NetBSD 6.1.5 doesn't have ldexpl in math.h

Fred Wright fw at fwright.net
Thu Sep 14 21:46:56 UTC 2017


On Wed, 13 Sep 2017, Hal Murray via devel wrote:

> I think the whole doubletime_t was a wild goose chase.
>
> The claimed reason was precision.  A double has 53 bits.  We are interrested
> in adjustments, not absolute values.  If we are taking a huge adjustment (31
> bits), that still leaves 20 bits of fractional second.  That's microseconds.
> I think that's good enough to get started.  Most adjustments are small
> fractions of a second.  If we start with 53 bits, we will be throwing away
> almost half of them when we convert to l_fp.

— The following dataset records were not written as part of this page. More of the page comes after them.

(* Let $\Phi(t)$ be a solution of $m'=[\omega,m]+DL(\Phi,\omega)$, $\Phi'=\omega\Phi$, with (constant) first integrals $h,l,n$, and let $u=\langle r,k\rangle$. Then the cubic polynomial $$P(u)=\frac1p(1-u^2)\left(h-\frac{n^2}{2C}-pu\right)-\frac{1}{2Ap}(l-nu)^2$$ has three real roots $e_1\le e_2\le e_3$ satisfying $-1\le e_1\le e_2\le 1\le e_3$, and $u$ satisfies $$-\frac s2\left(u^2-e_4^2\right)u'^2=(u-e_1)(u-e_2)(u-e_3),\qquad e_4=\sqrt{1+\frac{A}{ps}}.$$
   Context: $\mathrm{SU}(2)$ is the group of complex $2\times2$ matrices $\begin{pmatrix}\alpha&\beta\\ \gamma&\delta\end{pmatrix}$ with $\alpha\delta-\beta\gamma=1$, $\delta=\bar\alpha$, $\gamma=-\bar\beta$; $\mathrm{su}(2)$ is identified with $\mathbb{R}^3$ via $(x_1,x_2,x_3)\mapsto\frac12\begin{pmatrix}ix_3&-x_2+ix_1\\ x_2+ix_1&-ix_3\end{pmatrix}$, with $[x,y]=xy-yx$ and $\langle x,y\rangle=-2\,\mathrm{Tr}(xy)$; $k=\frac12\mathrm{diag}(i,-i)$. Toy top parameters: $A,C>0$ moments of inertia (perpendicular axis through center of mass, symmetry axis), $s>0$ tip-to-center-of-mass distance, $p>0$ equal to $s$ times the mass, gravity normalized to $1$. For a curve $\Phi(t)$ in $\mathrm{SU}(2)$: $\omega=\Phi'\Phi^{-1}$, $r=\Phi k\Phi^{-1}$, $T=\frac12A\langle\omega,\omega\rangle+\frac12(C-A)\langle\omega,r\rangle^2+\frac12ps\langle[r,k],\omega\rangle^2$, $V=p\langle r,k\rangle$, $m=A\omega+(C-A)\langle\omega,r\rangle r+ps\langle[r,k],\omega\rangle[r,k]$, $DL(\Phi,\omega)=(C-A)\langle\omega,r\rangle[r,\omega]+ps\langle[r,k],\omega\rangle[r,[k,\omega]]+p[r,k]$. The first integrals are $h=T+V$, $l=\langle m,k\rangle$, $n=\langle m,r\rangle$. *)

theory Defs
  imports "HOL-Analysis.Analysis"
begin

type_synonym cmat = "complex^2^2"

definition SU2 :: "cmat set" where
  "SU2 = {M. M$1$1 * M$2$2 - M$1$2 * M$2$1 = 1 \<and> M$2$2 = cnj (M$1$1) \<and> M$2$1 = - cnj (M$1$2)}"

definition inv2 :: "cmat \<Rightarrow> cmat" where
  "inv2 M = (let d = M$1$1 * M$2$2 - M$1$2 * M$2$1 in
     (\<chi> i j. if i = 1 \<and> j = 1 then M$2$2 / d
             else if i = 1 \<and> j = 2 then - M$1$2 / d
             else if i = 2 \<and> j = 1 then - M$2$1 / d
             else M$1$1 / d))"

definition kk :: cmat where
  "kk = (\<chi> i j. if i = j then (if i = 1 then \<i> / 2 else - \<i> / 2) else 0)"

definition brk :: "cmat \<Rightarrow> cmat \<Rightarrow> cmat" where
  "brk x y = x ** y - y ** x"

definition ip :: "cmat \<Rightarrow> cmat \<Rightarrow> real" where
  "ip x y = -2 * Re (trace (x ** y))"

definition rr :: "cmat \<Rightarrow> cmat" where
  "rr \<Phi> = \<Phi> ** kk ** inv2 \<Phi>"

definition kinetic :: "real \<Rightarrow> real \<Rightarrow> real \<Rightarrow> real \<Rightarrow> cmat \<Rightarrow> cmat \<Rightarrow> real" where
  "kinetic A C p s \<Phi> \<omega> =
     1/2 * A * ip \<omega> \<omega> + 1/2 * (C - A) * (ip \<omega> (rr \<Phi>))^2
     + 1/2 * p * s * (ip (brk (rr \<Phi>) kk) \<omega>)^2"

definition potential :: "real \<Rightarrow> cmat \<Rightarrow> real" where
  "potential p \<Phi> = p * ip (rr \<Phi>) kk"

definition mom :: "real \<Rightarrow> real \<Rightarrow> real \<Rightarrow> real \<Rightarrow> cmat \<Rightarrow> cmat \<Rightarrow> cmat" where
  "mom A C p s \<Phi> \<omega> =
     A *\<^sub>R \<omega> + ((C - A) * ip \<omega> (rr \<Phi>)) *\<^sub>R rr \<Phi>
     + (p * s * ip (brk (rr \<Phi>) kk) \<omega>) *\<^sub>R brk (rr \<Phi>) kk"

definition DL :: "real \<Rightarrow> real \<Rightarrow> real \<Rightarrow> real \<Rightarrow> cmat \<Rightarrow> cmat \<Rightarrow> cmat" where
  "DL A C p s \<Phi> \<omega> =
     ((C - A) * ip \<omega> (rr \<Phi>)) *\<^sub>R brk (rr \<Phi>) \<omega>
     + (p * s * ip (brk (rr \<Phi>) kk) \<omega>) *\<^sub>R brk (rr \<Phi>) (brk kk \<omega>)
     + p *\<^sub>R brk (rr \<Phi>) kk"

definition Pcub :: "real \<Rightarrow> real \<Rightarrow> real \<Rightarrow> real \<Rightarrow> real \<Rightarrow> real \<Rightarrow> real \<Rightarrow> real" where
  "Pcub A C p h l n u =
     (1/p) * (1 - u^2) * (h - n^2 / (2*C) - p*u) - 1 / (2*A*p) * (l - n*u)^2"

end

(*
  Identifying su(2) with R^3 by su2_vec turns the bracket into the cross product and
  <x, y> into the dot product. Along a solution omega lies in su(2) and, Phi being unitary,
  r' = [omega, r]; hence u = <r, k> has derivative sigma = <[r, k], omega>. Decomposing omega
  along r, [r, k] and k - u r and eliminating its components by the three first integrals gives
  the pointwise identity 2 p P(u) = (A + p s (1 - u^2)) sigma^2, which is the differential
  equation for u and shows P(u) >= 0 at some u in [-1, 1]. Since P is monic with
  P(-1) = -(l + n)^2/(2Ap) <= 0 and P(1) = -(l - n)^2/(2Ap) <= 0, it has two roots in [-1, 1]
  and one in [1, oo); in the boundary cases u = 1 or u = -1 the energy bound
  h - p u >= n^2/(2C) fixes the sign of P' there.
*)

theory Submission
  imports Defs
begin

unbundle cross3_syntax

section \<open>Matrix calculus\<close>

definition ctranspose :: "complex^'n^'m \<Rightarrow> complex^'m^'n" where
  "ctranspose M = (\<chi> i j. cnj (M $ j $ i))"

lemma ctranspose_ctranspose [simp]: "ctranspose (ctranspose M) = M"
  by (simp add: ctranspose_def vec_eq_iff)

lemma ctranspose_mult: "ctranspose (A ** B) = ctranspose B ** ctranspose A"
  by (simp add: ctranspose_def vec_eq_iff matrix_matrix_mult_def mult.commute)

lemma linear_ctranspose: "linear ctranspose"
  by (rule linearI) (simp_all add: ctranspose_def vec_eq_iff)

lemma bounded_linear_ctranspose: "bounded_linear ctranspose"
  using linear_ctranspose linear_conv_bounded_linear by blast

lemma bounded_bilinear_matrix_mult:
  "bounded_bilinear ((**) :: 'a::{euclidean_space,real_algebra_1}^'n^'m \<Rightarrow> 'a^'k^'n \<Rightarrow> 'a^'k^'m)"
proof -
  have "bilinear ((**) :: 'a^'n^'m \<Rightarrow> 'a^'k^'n \<Rightarrow> 'a^'k^'m)"
    unfolding bilinear_def
    by (auto intro!: linearI simp: matrix_matrix_mult_def vec_eq_iff sum.distrib
        sum_distrib_left distrib_left distrib_right scaleR_sum_right)
  then show ?thesis
    using bilinear_conv_bounded_bilinear by blast
qed

lemma has_vector_derivative_constant_on_open:
  assumes "(f has_vector_derivative f') (at t)" "open I" "t \<in> I" "\<forall>\<tau>\<in>I. f \<tau> = c"
  shows "f' = 0"
proof -
  have "((\<lambda>_. c) has_vector_derivative f') (at t)"
    using has_vector_derivative_transform_within_open assms by metis
  then show ?thesis
    using has_vector_derivative_const vector_derivative_unique_at by blast
qed

lemma has_vector_derivative_matrix_mult:
  fixes A :: "real \<Rightarrow> 'a::{euclidean_space,real_algebra_1}^'n^'m" and B :: "real \<Rightarrow> 'a^'k^'n"
  assumes "(A has_vector_derivative A') (at t)" "(B has_vector_derivative B') (at t)"
  shows "((\<lambda>\<tau>. A \<tau> ** B \<tau>) has_vector_derivative A t ** B' + A' ** B t) (at t)"
  using bounded_bilinear.has_vector_derivative[OF bounded_bilinear_matrix_mult assms] .

lemma has_vector_derivative_ctranspose:
  "(A has_vector_derivative A') (at t) \<Longrightarrow>
    ((\<lambda>\<tau>. ctranspose (A \<tau>)) has_vector_derivative ctranspose A') (at t)"
  by (rule bounded_linear.has_vector_derivative[OF bounded_linear_ctranspose])

lemma has_vector_derivative_nth:
  "(A has_vector_derivative A') (at t) \<Longrightarrow>
    ((\<lambda>\<tau>. A \<tau> $ i $ j) has_vector_derivative A' $ i $ j) (at t)"
  by (rule bounded_linear.has_vector_derivative[OF bounded_linear_vec_nth],
      rule bounded_linear.has_vector_derivative[OF bounded_linear_vec_nth])

lemma has_vector_derivative_det_2:
  fixes A :: "real \<Rightarrow> 'a::real_normed_field^2^2"
  assumes "(A has_vector_derivative X ** A t) (at t)"
  shows "((\<lambda>\<tau>. det (A \<tau>)) has_vector_derivative trace X * det (A t)) (at t)"
proof -
  have "((\<lambda>\<tau>. det (A \<tau>)) has_vector_derivative
      A t$1$1 * (X ** A t)$2$2 + (X ** A t)$1$1 * A t$2$2
      - (A t$1$2 * (X ** A t)$2$1 + (X ** A t)$1$2 * A t$2$1)) (at t)"
    unfolding det_2
    by (intro has_vector_derivative_diff has_vector_derivative_mult has_vector_derivative_nth assms)
  then show ?thesis
    by (simp add: matrix_matrix_mult_def sum_2 trace_def det_2 algebra_simps)
qed

section \<open>The Lie algebra su(2) as Euclidean 3-space\<close>

definition su2 :: "cmat set" where
  "su2 = {X. ctranspose X = - X \<and> trace X = 0}"

definition su2_vec :: "real^3 \<Rightarrow> cmat" where
  "su2_vec x = (1/2) *\<^sub>R
     vector [vector [\<i> * x$3, - x$2 + \<i> * x$1], vector [x$2 + \<i> * x$1, - \<i> * x$3]]"

lemma su2_vec_nth:
  "su2_vec x $ 1 $ 1 = Complex 0 (x$3/2)" "su2_vec x $ 1 $ 2 = Complex (- x$2/2) (x$1/2)"
  "su2_vec x $ 2 $ 1 = Complex (x$2/2) (x$1/2)" "su2_vec x $ 2 $ 2 = Complex 0 (- x$3/2)"
  by (simp_all add: su2_vec_def complex_eq_iff)

lemma su2_vec_eq_iff: "M = su2_vec x \<longleftrightarrow>
    M$1$1 = Complex 0 (x$3/2) \<and> M$1$2 = Complex (- x$2/2) (x$1/2) \<and>
    M$2$1 = Complex (x$2/2) (x$1/2) \<and> M$2$2 = Complex 0 (- x$3/2)"
  by (auto simp: vec_eq_iff forall_2 su2_vec_nth)

lemma ip_su2_vec: "ip (su2_vec x) (su2_vec y) = x \<bullet> y"
  by (simp add: ip_def trace_def matrix_matrix_mult_def sum_2 su2_vec_nth inner_vec_def sum_3
      algebra_simps)

lemma brk_su2_vec: "brk (su2_vec x) (su2_vec y) = su2_vec (x \<times> y)"
  by (simp add: brk_def su2_vec_eq_iff matrix_matrix_mult_def sum_2 su2_vec_nth cross_components
      complex_eq_iff algebra_simps)

lemma kk_eq_su2_vec: "kk = su2_vec (axis 3 1)"
  by (simp add: kk_def su2_vec_eq_iff axis_def complex_eq_iff)

lemma su2_vec_add: "su2_vec (x + y) = su2_vec x + su2_vec y"
  by (simp add: vec_eq_iff forall_2 su2_vec_nth complex_eq_iff)

lemma su2_vec_scaleR: "su2_vec (c *\<^sub>R x) = c *\<^sub>R su2_vec x"
  by (simp add: vec_eq_iff forall_2 su2_vec_nth complex_eq_iff)

lemma su2E:
  assumes "X \<in> su2"
  obtains x where "X = su2_vec x"
proof
  have "X$1$1 = - cnj (X$1$1)" "X$1$2 = - cnj (X$2$1)" "X$2$2 = - cnj (X$2$2)"
    and "X$1$1 + X$2$2 = 0"
    using assms by (auto simp: su2_def ctranspose_def vec_eq_iff forall_2 trace_def sum_2)
  then show "X = su2_vec (vector [2 * Im (X$1$2), - 2 * Re (X$1$2), 2 * Im (X$1$1)])"
    by (simp add: su2_vec_eq_iff complex_eq_iff)
qed

lemma bounded_linear_ip_left: "bounded_linear (\<lambda>X. ip X Y)"
proof -
  have "linear (\<lambda>X. ip X Y)"
    by (rule linearI) (simp_all add: ip_def trace_def matrix_matrix_mult_def sum_2 algebra_simps)
  then show ?thesis
    using linear_conv_bounded_linear by blast
qed

section \<open>SU(2) and its curves\<close>

lemma trace_conj_unitary:
  assumes "ctranspose U ** U = mat 1"
  shows "trace (U ** Z ** ctranspose U) = trace Z"
  using assms by (metis matrix_mul_assoc matrix_mul_rid trace_mul_sym)

lemma su2_conj_unitary:
  assumes "ctranspose U ** U = mat 1" and "X \<in> su2"
  shows "U ** X ** ctranspose U \<in> su2"
  using assms trace_conj_unitary[OF assms(1)]
  by (simp add: su2_def ctranspose_mult matrix_mul_assoc
      bounded_bilinear.minus_left[OF bounded_bilinear_matrix_mult]
      bounded_bilinear.minus_right[OF bounded_bilinear_matrix_mult])

lemma ip_conj_unitary:
  assumes "ctranspose U ** U = mat 1"
  shows "ip (U ** X ** ctranspose U) (U ** Y ** ctranspose U) = ip X Y"
proof -
  have "U ** X ** ctranspose U ** (U ** Y ** ctranspose U)
      = U ** X ** (ctranspose U ** U) ** Y ** ctranspose U"
    by (simp add: matrix_mul_assoc)
  also have "\<dots> = U ** (X ** Y) ** ctranspose U"
    using assms by (simp add: matrix_mul_assoc)
  finally show ?thesis
    by (simp add: ip_def trace_conj_unitary[OF assms])
qed

lemma SU2_det: "M \<in> SU2 \<Longrightarrow> det M = 1"
  unfolding SU2_def det_2 by blast

lemma SU2_inv2:
  assumes "M \<in> SU2"
  shows "inv2 M = ctranspose M"
proof -
  have "M$1$1 * M$2$2 - M$1$2 * M$2$1 = 1" "M$2$2 = cnj (M$1$1)" "M$2$1 = - cnj (M$1$2)"
    using assms by (auto simp: SU2_def)
  then show ?thesis
    unfolding inv2_def Let_def by (simp add: ctranspose_def vec_eq_iff forall_2)
qed

lemma SU2_unitary:
  assumes "M \<in> SU2"
  shows "M ** ctranspose M = mat 1" "ctranspose M ** M = mat 1"
proof -
  have shape: "M$2$2 = cnj (M$1$1)" "M$2$1 = - cnj (M$1$2)"
    and norm1: "M$1$1 * cnj (M$1$1) + M$1$2 * cnj (M$1$2) = 1"
    using assms by (auto simp: SU2_def)
  show "M ** ctranspose M = mat 1" "ctranspose M ** M = mat 1"
    using norm1 by (simp_all add: ctranspose_def vec_eq_iff forall_2 matrix_matrix_mult_def sum_2
        mat_def shape mult.commute add.commute)
qed

lemma rr_SU2: "M \<in> SU2 \<Longrightarrow> rr M = M ** kk ** ctranspose M"
  by (simp add: rr_def SU2_inv2)

lemma kk_in_su2: "kk \<in> su2"
  by (simp add: su2_def kk_def ctranspose_def trace_def sum_2 vec_eq_iff forall_2)

lemma ip_kk_kk: "ip kk kk = 1"
  by (simp add: kk_eq_su2_vec ip_su2_vec)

Indeed.  For time *deltas*, ordinary double precision is perfectly
adequate.  E.g., a one-hour delta has sub-picosecond precision, a one-week
delta has sub-nanosecond precison, etc.  If your clock is off by a month
and you're worrying about nanoseconds, then you're misguided. :-)

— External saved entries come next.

text \<open>
  The vectors p z^j w^(n-j), j = 0..n, have the Toeplitz Gram matrix A^n with symbol 6, -4, 1, so by
  Cramer's rule the cofactors A^n_{0,j} and A^n_{n,j} are D_{n+1} times the first and last columns
  of (A^n)^{-1}. These columns are explicit: away from the boundary A^n acts as the fourth difference
  operator, which annihilates the cubic v(t) = (t+1)(n+1-t)(n+2-t)/((n+3)(n+4)), and the roots of v
  absorb the boundary terms. Comparing the (0,0) cofactor with v(0) gives the recursion for D_n, hence
  D_n = (n+1)(n+2)^2(n+3)/12. Multiplying by w^2 and z^2 shifts the indices by 2, so the inner product
  <w^2 phi_n, z^2 psi_n> only sees the two rows of the banded matrix beyond A^n and equals
  -2(n^2+5n-2)/((n+2)(n+3)(n+4)). Its square splits into partial fractions, which are summed by
  shifted Basel series and telescoping series.
\<close>

lemma sum_atMost_delta2:
  fixes m n :: nat
  shows "(\<Sum>i\<le>m. \<Sum>j\<le>n. if i = p \<and> j = q then c else 0) = (if p \<le> m \<and> q \<le> n then c else 0)"
proof -
  have "(\<Sum>i\<le>m. \<Sum>j\<le>n. if i = p \<and> j = q then c else 0)
      = (\<Sum>i\<le>m. if i = p then \<Sum>j\<le>n. if j = q then c else 0 else 0)"
    by (intro sum.cong) auto
  then show ?thesis by simp
qed

lemma pmul_mono_left:
  "pmul (mono p q) g x y = (if p \<le> x \<and> q \<le> y then g (x - p) (y - q) else 0)"
proof -
  have "pmul (mono p q) g x y = (\<Sum>i\<le>x. \<Sum>j\<le>y. if i = p \<and> j = q then g (x - p) (y - q) else 0)"
    unfolding pmul_def mono_def by (intro sum.cong) auto
  then show ?thesis by (simp add: sum_atMost_delta2)
qed

lemma pmul_mono_right:
  "pmul g (mono p q) x y = (if p \<le> x \<and> q \<le> y then g (x - p) (y - q) else 0)"
proof -
  have "pmul g (mono p q) x y = (\<Sum>i\<le>x. \<Sum>j\<le>y. if i = x - p \<and> j = y - q then
      (if p \<le> x \<and> q \<le> y then g (x - p) (y - q) else 0) else 0)"
    unfolding pmul_def mono_def by (intro sum.cong) auto
  then show ?thesis by (simp add: sum_atMost_delta2)
qed

lemma pmul_padd_left: "pmul (padd f g) h = padd (pmul f h) (pmul g h)"
  unfolding pmul_def padd_def by (simp add: ring_distribs sum.distrib)

lemma pmul_pscale_left: "pmul (pscale c f) g = pscale c (pmul f g)"
  unfolding pmul_def pscale_def by (simp add: sum_distrib_left mult.assoc)

lemma pp_coeff:
  "pp x y = (if x = 2 \<and> y = 0 then 1 else 0) - 2 * (if x = 1 \<and> y = 1 then 1 else 0)
            + (if x = 0 \<and> y = 2 then 1 else 0)"
  unfolding pp_def pmul_padd_left pmul_pscale_left
  by (simp add: padd_def pscale_def pmul_mono_left) (auto simp: mono_def)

Ordinary doubles are indeed inadequate for "absolute" time values (i.e.
values relative to any plausible epoch).  But long doubles don't fix this,
because the C language doesn't really take them seriously, and doesn't
guarantee that they differ from standard doubles at all.  If you *need*
precision beyond a double, your only portable recourse is to avoid
floating-point altogether.

To put it another way, in order to use long doubles, you need to:

1) Accept that you only get extra precison opportunistically, as a
function of the platform (possibly no extra precision at all).

2) Accept that when the added precision *is* available, all related
operations will be significantly slower.

3) Either give up on regression testing, or make said testing explicitly
platform-specific.

IMO, if a proper cost-benefit analysis of the use of long doubles in the
NTP context were conducted, it would result in a resounding thumbs down.

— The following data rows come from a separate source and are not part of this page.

lemma minus_minus_add_add_mat:
  assumes "Y \<in> carrier_mat r c" "V \<in> carrier_mat r c" "w \<in> carrier_mat r c"
  shows "(Y - V - w) + (Y + V + w) = 2 \<cdot>\<^sub>m (Y :: 'a::comm_ring_1 mat)"
proof (rule eq_matI)
  fix i j assume ij: "i < dim_row (2 \<cdot>\<^sub>m Y)" "j < dim_col (2 \<cdot>\<^sub>m Y)"
  have "(Y - V - w + (Y + V + w)) $$ (i, j)
      = (Y $$ (i, j) - V $$ (i, j) - w $$ (i, j)) + (Y $$ (i, j) + V $$ (i, j) + w $$ (i, j))"
    using assms ij by simp
  also have "\<dots> = 2 * Y $$ (i, j)" by (simp add: algebra_simps)
  finally show "(Y - V - w + (Y + V + w)) $$ (i, j) = (2 \<cdot>\<^sub>m Y) $$ (i, j)"
    using ij by simp
qed (use assms in auto)

theorem lemma5:
  fixes l m :: nat and nj :: "nat \<Rightarrow> nat" and z :: "nat \<Rightarrow> complex"
    and W :: "nat \<Rightarrow> nat \<Rightarrow> complex mat" and Sigma P R :: "complex mat"
  defines "n \<equiv> nn m nj"
  defines "H \<equiv> Hmat l n"
    and "Gamma \<equiv> Jmat l n - Sigma * Hmat l n"
    and "u \<equiv> uvec l m nj z W"
    and "U \<equiv> Umap l m nj z W"
  defines "A \<equiv> (Gamma * P * transpose_mat H + Sigma) - U (Gamma * P * transpose_mat H + Sigma) - u"
    and "B \<equiv> (Gamma * P * transpose_mat H + Sigma) + U (Gamma * P * transpose_mat H + Sigma) + u"
    and "Nn \<equiv> Nk l n n"
  assumes l_pos: "l \<ge> 1"
    and nj_pos: "\<forall>j\<le>m. nj j > 0"
    and n_pos: "n \<ge> 1"
    and z0: "z 0 = 0"
    and z_disc: "\<forall>j\<le>m. cmod (z j) < 1"
    and z_dist: "\<forall>i\<le>m. \<forall>j\<le>m. i \<noteq> j \<longrightarrow> z i \<noteq> z j"
    and W_dim: "\<forall>j\<le>m. \<forall>k<nj j. W j k \<in> carrier_mat l l"
    and W00: "W 0 0 = (1/2) \<cdot>\<^sub>m 1\<^sub>m l"
    and W_inv: "invertible_mat (Wmat l m nj W + (1/2) \<cdot>\<^sub>m 1\<^sub>m (l * (n + 1)))"
    and Sigma_dim: "Sigma \<in> carrier_mat (l * n) l"
    and Sigma_real: "\<forall>i<l * n. \<forall>j<l. Im (Sigma $$ (i, j)) = 0"
    and Sigma_stable: "\<forall>x. det (charmat l n Sigma x) = 0 \<longrightarrow> cmod x < 1"
    and P_pd: "pos_def (l * n) P"
    and CEE: "P = Gamma * (P - P * transpose_mat H * H * P) * transpose_mat Gamma
              + (u + U (Sigma + Gamma * P * transpose_mat H))
                * transpose_mat (u + U (Sigma + Gamma * P * transpose_mat H))"
    and HPH: "pos_def l (1\<^sub>m l - H * P * transpose_mat H)"
    and R_dim: "R \<in> carrier_mat l l"
    and R_sq: "R * transpose_mat R = 1\<^sub>m l - H * P * transpose_mat H"
  shows "Nn * A + Nn * B = 2 \<cdot>\<^sub>m (Nn * Sigma * R * transpose_mat R)"
proof -
  define Y where "Y = Gamma * P * transpose_mat H + Sigma"
  have P: "P \<in> carrier_mat (l * n) (l * n)" using P_pd unfolding pos_def_def by auto
  have N: "Nn \<in> carrier_mat l (l * n)" unfolding Nn_def Nk_def kron_def epsr_def by auto
  have Y: "Y \<in> carrier_mat (l * n) l"
    unfolding Y_def Gamma_def H_def Hmat_def Jmat_def kron_def using P Sigma_dim by auto
  have "pinv (Vmat l m nj z * Nmat l n) \<in> carrier_mat (l * n) (l * (n + 1))"
    by (rule pinv_carrier) (auto simp: Vmat_def Nmat_def Let_def n_def[symmetric])
  moreover have "dim_col (That l m nj W) = l" unfolding That_def kron_def evec_def by simp
  ultimately have u: "u \<in> carrier_mat (l * n) l" and UY: "U Y \<in> carrier_mat (l * n) l"
    unfolding u_def uvec_def U_def Umap_def Let_def n_def[symmetric] by auto
  have "Nn * A + Nn * B = Nn * (A + B)"
    unfolding A_def B_def Y_def[symmetric]
    by (rule mult_add_distrib_mat[OF N, symmetric]) (use Y u UY in auto)
  also have "\<dots> = 2 \<cdot>\<^sub>m (Nn * Y)"
    unfolding A_def B_def Y_def[symmetric] minus_minus_add_add_mat[OF Y UY u]
    by (rule mult_smult_distrib[OF N Y])
  also have "Nn * Y = Nn * Sigma * (R * transpose_mat R)"
    unfolding Y_def Gamma_def Nn_def R_sq H_def
    by (rule Nk_last_mult_gain[OF n_pos Sigma_dim P])
  also have "\<dots> = Nn * Sigma * R * transpose_mat R"
    using N Sigma_dim R_dim by (simp add: assoc_mult_mat_dims)
  finally show ?thesis .
qed

end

On Wed, 13 Sep 2017, Eric S. Raymond via devel wrote:

> Mark: Rolling our own lldexp is getting into the territory of "really
> bad ideas that raise the hair on my neck".

Well, the underlying bad idea is using long doubles at all. :-) Once one
doesn't do that, the issue is moot.

On Wed, 13 Sep 2017, Mark Atwood via devel wrote:

> It doesnt even have to be fully generic, just if NetBSD6 etc.  If a BSD is
> still supported by it's community, I'm not happy about dropping it.

All the fuss over long doubles has distracted folks from a more legitimate
issue with NetBSD 6.1.5, which is that python-config returns a nonworking
build setup for the C extension.  But a workaround should be possible, and
it's only in the build procedure, not the code.

On Wed, 13 Sep 2017, Eric S. Raymond via devel wrote:

> Mark Atwood via devel <devel at ntpsec.org>:
> > NetBSD6 still supported, so it's still running in the wild.
> >
> > I know we've been removed most compatibility shims, but are they all gone?
> >   or do we still have a chunk of "if this OS, then define these missing
> > functions"?
>
> I think the last OS-related shim where we define substitute code is gone.
> It was the kludge for pre-10.12 Mac OS X, which turned out not to work because
> (a) in some versions the system headers didn't match the docs, and (b) we got
> a report that in some versions the set-time primitive doesn't work.

Well, *that* fallback code was broken in multiple ways, anyway, as was the
comparable code in GPSD before I fixed it.  With *correct* fallback code,
(a) and (b) are both inapplicable.

Limiting support to a OS version that's not even a year old is rather
heavy-handed, especially when there isn't a really good reason for it.
And the same fallback that works for 10.11 works at least as far back as
10.5 (all of which are supported by classic ntpd, BTW).

MR coming, now that I've tested the code on 10 different "machines".  Now
I can get back to fixing the multitude of Python library issues.